(* For every $\alpha\in(m,M)$, where $m=\inf_{n\ge1}b_n$ and $M=\sup_{n\ge1}b_n$, the limit $\lim_{x\to+\infty}\frac{D(x,\alpha)}{x}$ does not exist, where $D(x,\alpha)=\#\{n\in\mathbb Z:1\le n\le x,\ b_n\le\alpha\}$. That is, $(b_n)$ has no cumulative distribution function at any point of $(m,M)$.
   Context: Fix integers $p\ge 3$ and $2\le s<p$, and a set $A\subset\{0,1,\dots,p-1\}$ with $\#A=s$. Let $h:\{0,1,\dots,s-1\}\to A$ be the unique strictly increasing bijection. For a positive integer $n$ with base-$s$ expansion $n=\sum_{i=0}^k\varepsilon_i s^i$ ($\varepsilon_i\in\{0,\dots,s-1\}$, $\varepsilon_k\ne 0$), put $a_n=\sum_{i=0}^k h(\varepsilon_i)p^i$. Let $b_n=a_n/n^{\log_s p}$ for $n\ge1$. *)

theory Defs
  imports "HOL-Analysis.Analysis"
begin

definition hA :: "nat set \<Rightarrow> nat \<Rightarrow> nat" where
  "hA A j = sorted_list_of_set A ! j"

definition digit :: "nat \<Rightarrow> nat \<Rightarrow> nat \<Rightarrow> nat" where
  "digit s n i = (n div s ^ i) mod s"

text \<open>a_n = sum_{i=0}^k h(eps_i) p^i, where k is the index of the leading
  digit, i.e. the digit positions are exactly the i with s^i \<le> n (n \<ge> 1).\<close>
definition aseq :: "nat \<Rightarrow> nat \<Rightarrow> nat set \<Rightarrow> nat \<Rightarrow> nat" where
  "aseq p s A n = (\<Sum>i\<in>{i. s ^ i \<le> n}. hA A (digit s n i) * p ^ i)"

definition bseq :: "nat \<Rightarrow> nat \<Rightarrow> nat set \<Rightarrow> nat \<Rightarrow> real" where
  "bseq p s A n = real (aseq p s A n) / real n powr (ln (real p) / ln (real s))"

definition Dcount :: "nat \<Rightarrow> nat \<Rightarrow> nat set \<Rightarrow> real \<Rightarrow> real \<Rightarrow> nat" where
  "Dcount p s A x \<alpha> = card {n::nat. 1 \<le> n \<and> real n \<le> x \<and> bseq p s A n \<le> \<alpha>}"

end

theory Submission
  imports Defs
begin

text \<open>Appending k base-s digits to n multiplies a(n) by p^k up to an error below p^k. Hence on
  every block [s^k N, s^k (N + 1)) the values b(e) lie between a(N) / (N + 1)^\<gamma> and
  (a(N) + 1) / N^\<gamma>, with \<gamma> = log_s p, uniformly in k. Taking N = s^m n or N = s^m n - 1
  for large m pushes both bounds towards b(n), so for inf b < \<alpha> < sup b there is a block N0
  on which b \<le> \<alpha> at every scale k and a block N1 on which b > \<alpha> at every scale.
  If D(x, \<alpha>) / x converged to L, comparing D at s^k N - 1 and s^k (N + 1) - 1 would force
  L to equal the proportion of the block counted by D, i.e. 1 for N0 and 0 for N1.\<close>

lemma hA_in:
  assumes "finite A" "j < card A" shows "hA A j \<in> A"
  using assms unfolding hA_def by (metis nth_mem length_sorted_list_of_set set_sorted_list_of_set)

lemma hA_strict_mono:
  assumes "finite A" "i < j" "j < card A" shows "hA A i < hA A j"
  unfolding hA_def using sorted_wrt_nth_less[OF strict_sorted_list_of_set[of A]] assms by simp

lemma finite_digit_positions:
  fixes s n :: nat
  assumes "2 \<le> s" shows "finite {i. s ^ i \<le> n}"
proof (rule finite_subset[of _ "{..n}"])
  have "i < s ^ i" for i using assms
    by (metis less_exp order_less_le_trans power_mono zero_le_numeral)
  then show "{i. s ^ i \<le> n} \<subseteq> {..n}" by (auto intro: less_imp_le order_less_le_trans)
qed simp

lemma aseq_0 [simp]: "2 \<le> s \<Longrightarrow> aseq p s A 0 = 0"
  unfolding aseq_def by simp

lemma digit_positions_step:
  fixes s q j :: nat
  assumes s: "2 \<le> s" and j: "j < s" and pos: "0 < s * q + j"
  shows "{i. s ^ i \<le> s * q + j} = insert 0 (Suc ` {i. s ^ i \<le> q})"
proof -
  have key: "s * s ^ k \<le> s * q + j \<longleftrightarrow> s ^ k \<le> q" for k
  proof
    assume "s * s ^ k \<le> s * q + j"
    then have "(s * s ^ k) div s \<le> (s * q + j) div s" by (rule div_le_mono)
    then show "s ^ k \<le> q" using s j by simp
  qed (use s in \<open>simp add: add_increasing2\<close>)
  show ?thesis
  proof (rule set_eqI)
    fix i
    show "i \<in> {i. s ^ i \<le> s * q + j} \<longleftrightarrow> i \<in> insert 0 (Suc ` {i. s ^ i \<le> q})"
      using pos key by (cases i) (auto simp: Suc_le_eq)
  qed
qed

lemma aseq_base_step:
  assumes s: "2 \<le> s" and j: "j < s" and pos: "0 < s * q + j"
  shows "aseq p s A (s * q + j) = p * aseq p s A q + hA A j"
proof -
  have "digit s (s * q + j) (Suc i) = digit s q i" for i
  proof -
    have "(s * q + j) div s ^ Suc i = ((s * q + j) div s) div s ^ i"
      by (simp add: div_mult2_eq mult.commute)
    also have "(s * q + j) div s = q" using j by simp
    finally show ?thesis unfolding digit_def by simp
  qed
  moreover have "digit s (s * q + j) 0 = j" unfolding digit_def using j by simp
  ultimately have "aseq p s A (s * q + j)
      = hA A j + (\<Sum>i\<in>{i. s ^ i \<le> q}. hA A (digit s q i) * p ^ Suc i)"
    unfolding aseq_def digit_positions_step[OF s j pos]
    using finite_digit_positions[OF s] by (simp add: sum.reindex)
  then show ?thesis
    unfolding aseq_def by (simp add: sum_distrib_left mult.assoc mult.left_commute)
qed

lemma aseq_base_step_le:
  assumes "2 \<le> s" and "j < s"
  shows "aseq p s A (s * q + j) \<le> p * aseq p s A q + hA A j"
  using assms aseq_base_step[OF assms] by (cases "s * q + j = 0") auto

lemma limit_ratio_from_increments:
  fixes F :: "real \<Rightarrow> real" and u v w :: "nat \<Rightarrow> real"
  assumes lim: "((\<lambda>x. F x / x) \<longlongrightarrow> L) at_top"
    and u: "filterlim u at_top sequentially" and v: "filterlim v at_top sequentially"
    and ux: "(\<lambda>k. u k / w k) \<longlonglongrightarrow> x" and vy: "(\<lambda>k. v k / w k) \<longlonglongrightarrow> y"
    and incr: "\<And>k. F (v k) - F (u k) = c * w k" and w: "\<And>k. w k \<noteq> 0"
  shows "c = L * (y - x)"
proof -
  let ?g = "\<lambda>k. F (v k) / v k * (v k / w k) - F (u k) / u k * (u k / w k)"
  have "?g \<longlonglongrightarrow> L * y - L * x"
    by (intro tendsto_intros filterlim_compose[OF lim] u v ux vy)
  moreover have "eventually (\<lambda>k. ?g k = c) sequentially"
    using filterlim_at_top_dense[THEN iffD1, OF u, rule_format, of 0]
      filterlim_at_top_dense[THEN iffD1, OF v, rule_format, of 0]
  proof eventually_elim
    case (elim k)
    then show ?case using incr[of k] w[of k] by (simp add: field_simps)
  qed
  ultimately have "(\<lambda>k. c) \<longlonglongrightarrow> L * y - L * x"
    by (rule Lim_transform_eventually)
  then show ?thesis by (simp add: LIMSEQ_const_iff right_diff_distrib)
qed

locale digit_substitution =
  fixes p s :: nat and A :: "nat set"
  assumes base_ge_2: "2 \<le> s"
    and digits_less: "A \<subseteq> {0..<p}"
    and card_digits: "card A = s"
begin

abbreviation a :: "nat \<Rightarrow> nat" where "a \<equiv> aseq p s A"

abbreviation h :: "nat \<Rightarrow> nat" where "h \<equiv> hA A"

lemma finite_digits: "finite A"
  using digits_less finite_subset by blast

lemma base_le_p: "s \<le> p"
  using card_mono[OF _ digits_less] card_digits by simp

lemma h_less: "j < s \<Longrightarrow> h j < p"
  using hA_in[OF finite_digits] digits_less card_digits by fastforce

lemma h_strict_mono: "i < j \<Longrightarrow> j < s \<Longrightarrow> h i < h j"
  using hA_strict_mono[OF finite_digits] card_digits by simp

lemma a_block_upper: "r < s ^ k \<Longrightarrow> a (s ^ k * N + r) < p ^ k * (a N + 1)"
proof (induction k arbitrary: r)
  case (Suc k)
  have "s ^ Suc k * N + r = s * (s ^ k * N + r div s) + r mod s"
    by (simp add: algebra_simps)
  moreover have "r div s < s ^ k"
    using Suc.prems base_ge_2 by (simp add: div_less_iff_less_mult mult.commute)
  moreover have "r mod s < s" using base_ge_2 by simp
  ultimately have "a (s ^ Suc k * N + r) \<le> p * a (s ^ k * N + r div s) + h (r mod s)"
    using aseq_base_step_le[OF base_ge_2] by metis
  also have "\<dots> < p * (a (s ^ k * N + r div s) + 1)"
    using h_less[OF \<open>r mod s < s\<close>] by simp
  also have "\<dots> \<le> p * (p ^ k * (a N + 1))"
    using Suc.IH[OF \<open>r div s < s ^ k\<close>] by (intro mult_le_mono2) simp
  finally show ?case by (simp add: algebra_simps)
qed simp

lemma a_block_lower: "1 \<le> N \<Longrightarrow> r < s ^ k \<Longrightarrow> p ^ k * a N \<le> a (s ^ k * N + r)"
proof (induction k arbitrary: r)
  case (Suc k)
  have "s ^ Suc k * N + r = s * (s ^ k * N + r div s) + r mod s"
    by (simp add: algebra_simps)
  moreover have "r div s < s ^ k"
    using Suc.prems base_ge_2 by (simp add: div_less_iff_less_mult mult.commute)
  moreover have "0 < s * (s ^ k * N + r div s) + r mod s"
    using Suc.prems base_ge_2 by simp
  moreover have "r mod s < s" using base_ge_2 by simp
  ultimately have "p * a (s ^ k * N + r div s) \<le> a (s ^ Suc k * N + r)"
    using aseq_base_step[OF base_ge_2] by (metis le_add1)
  moreover have "p ^ k * a N \<le> a (s ^ k * N + r div s)"
    using Suc.IH[OF Suc.prems(1) \<open>r div s < s ^ k\<close>] .
  ultimately show ?case
    by (metis mult_le_mono2 order_trans power_Suc mult.assoc)
qed simp

lemma a_strict_mono: "strict_mono a"
  unfolding strict_mono_Suc_iff
proof
  fix n
  show "a n < a (Suc n)"
  proof (induction n rule: less_induct)
    case (less n)
    define q j where "q = n div s" and "j = n mod s"
    have n: "n = s * q + j" and j: "j < s"
      unfolding q_def j_def using base_ge_2 by simp_all
    show ?case
    proof (cases "Suc j < s")
      case True
      have "a n \<le> p * a q + h j" using aseq_base_step_le[OF base_ge_2 j] n by simp
      also have "\<dots> < p * a q + h (Suc j)" using h_strict_mono True by simp
      also have "\<dots> = a (Suc n)" using aseq_base_step[OF base_ge_2 True, of q] n by simp
      finally show ?thesis .
    next
      case False
      then have Suc_n: "Suc n = s * Suc q + 0" using n j by simp
      have "q < n" using n False base_ge_2 unfolding q_def by simp
      have "a n \<le> p * a q + h j" using aseq_base_step_le[OF base_ge_2 j] n by simp
      also have "\<dots> < p * (a q + 1)" using h_less[OF j] by simp
      also have "\<dots> \<le> p * a (Suc q)"
        using less.IH[OF \<open>q < n\<close>] by (intro mult_le_mono2) simp
      also have "\<dots> \<le> a (Suc n)"
        using aseq_base_step[OF base_ge_2 _ , of 0 "Suc q" p A] base_ge_2 Suc_n by simp
      finally show ?thesis .
    qed
  qed
qed

abbreviation \<gamma> :: real where "\<gamma> \<equiv> ln (real p) / ln (real s)"

abbreviation b :: "nat \<Rightarrow> real" where "b \<equiv> bseq p s A"

lemma gamma_nonneg: "0 \<le> \<gamma>"
  using base_ge_2 base_le_p by simp

lemma powr_gamma_scale:
  assumes "0 \<le> x" shows "(real s ^ k * x) powr \<gamma> = real p ^ k * x powr \<gamma>"
proof -
  have s: "0 < real s" "ln (real s) \<noteq> 0" and p: "0 < real p"
    using base_ge_2 base_le_p by auto
  have "real s powr \<gamma> = real p"
    using s p by (simp add: powr_def)
  then have "(real s ^ k) powr \<gamma> = real p ^ k"
    using s powr_power[of "real s" \<gamma> k] by (simp add: powr_realpow[symmetric] powr_powr)
  then show ?thesis using assms s by (simp add: powr_mult)
qed

lemma b_block_upper:
  assumes N: "1 \<le> N" and r: "r < s ^ k"
  shows "b (s ^ k * N + r) \<le> (real (a N) + 1) / real N powr \<gamma>"
proof -
  define e where "e = s ^ k * N + r"
  have "a e < p ^ k * (a N + 1)" unfolding e_def by (rule a_block_upper[OF r])
  then have "real (a e) \<le> real (p ^ k * (a N + 1))" by linarith
  then have num: "real (a e) \<le> real p ^ k * (real (a N) + 1)" by (simp add: algebra_simps)
  have "(real s ^ k * real N) powr \<gamma> \<le> real e powr \<gamma>"
    by (rule powr_mono2[OF gamma_nonneg]) (simp_all add: e_def)
  then have den: "real p ^ k * real N powr \<gamma> \<le> real e powr \<gamma>"
    by (simp add: powr_gamma_scale)
  have "0 < real p ^ k * real N powr \<gamma>" using N base_ge_2 base_le_p by simp
  then have "b e \<le> real p ^ k * (real (a N) + 1) / (real p ^ k * real N powr \<gamma>)"
    unfolding bseq_def using num den by (intro frac_le) auto
  then show ?thesis using base_ge_2 base_le_p by (simp add: e_def)
qed

lemma b_block_lower:
  assumes N: "1 \<le> N" and r: "r < s ^ k"
  shows "real (a N) / (real N + 1) powr \<gamma> \<le> b (s ^ k * N + r)"
proof -
  define e where "e = s ^ k * N + r"
  have "p ^ k * a N \<le> a e" unfolding e_def by (rule a_block_lower[OF N r])
  then have "real (p ^ k * a N) \<le> real (a e)" by linarith
  then have num: "real p ^ k * real (a N) \<le> real (a e)" by simp
  have "e \<le> s ^ k * (N + 1)" unfolding e_def using r by simp
  then have "real e \<le> real (s ^ k * (N + 1))" by linarith
  then have "real e powr \<gamma> \<le> (real s ^ k * (real N + 1)) powr \<gamma>"
    by (intro powr_mono2[OF gamma_nonneg]) (simp_all add: algebra_simps)
  then have den: "real e powr \<gamma> \<le> real p ^ k * (real N + 1) powr \<gamma>"
    by (simp add: powr_gamma_scale)
  have "0 < e" using N base_ge_2 by (simp add: e_def)
  then have "real p ^ k * real (a N) / (real p ^ k * (real N + 1) powr \<gamma>) \<le> b e"
    unfolding bseq_def using num den by (intro frac_le) auto
  then show ?thesis using base_ge_2 base_le_p by (simp add: e_def)
qed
--- --- ---
### [Work order]
Can you repeat, word for word, every line above from the one containing "case (elim k)" down to the one containing "by (rule Lim_transform_eventually)", including both?

### [Solution for this problem]
    case (elim k)
    then show ?case using incr[of k] w[of k] by (simp add: field_simps)
  qed
  ultimately have "(\<lambda>k. c) \<longlonglongrightarrow> L * y - L * x"
    by (rule Lim_transform_eventually)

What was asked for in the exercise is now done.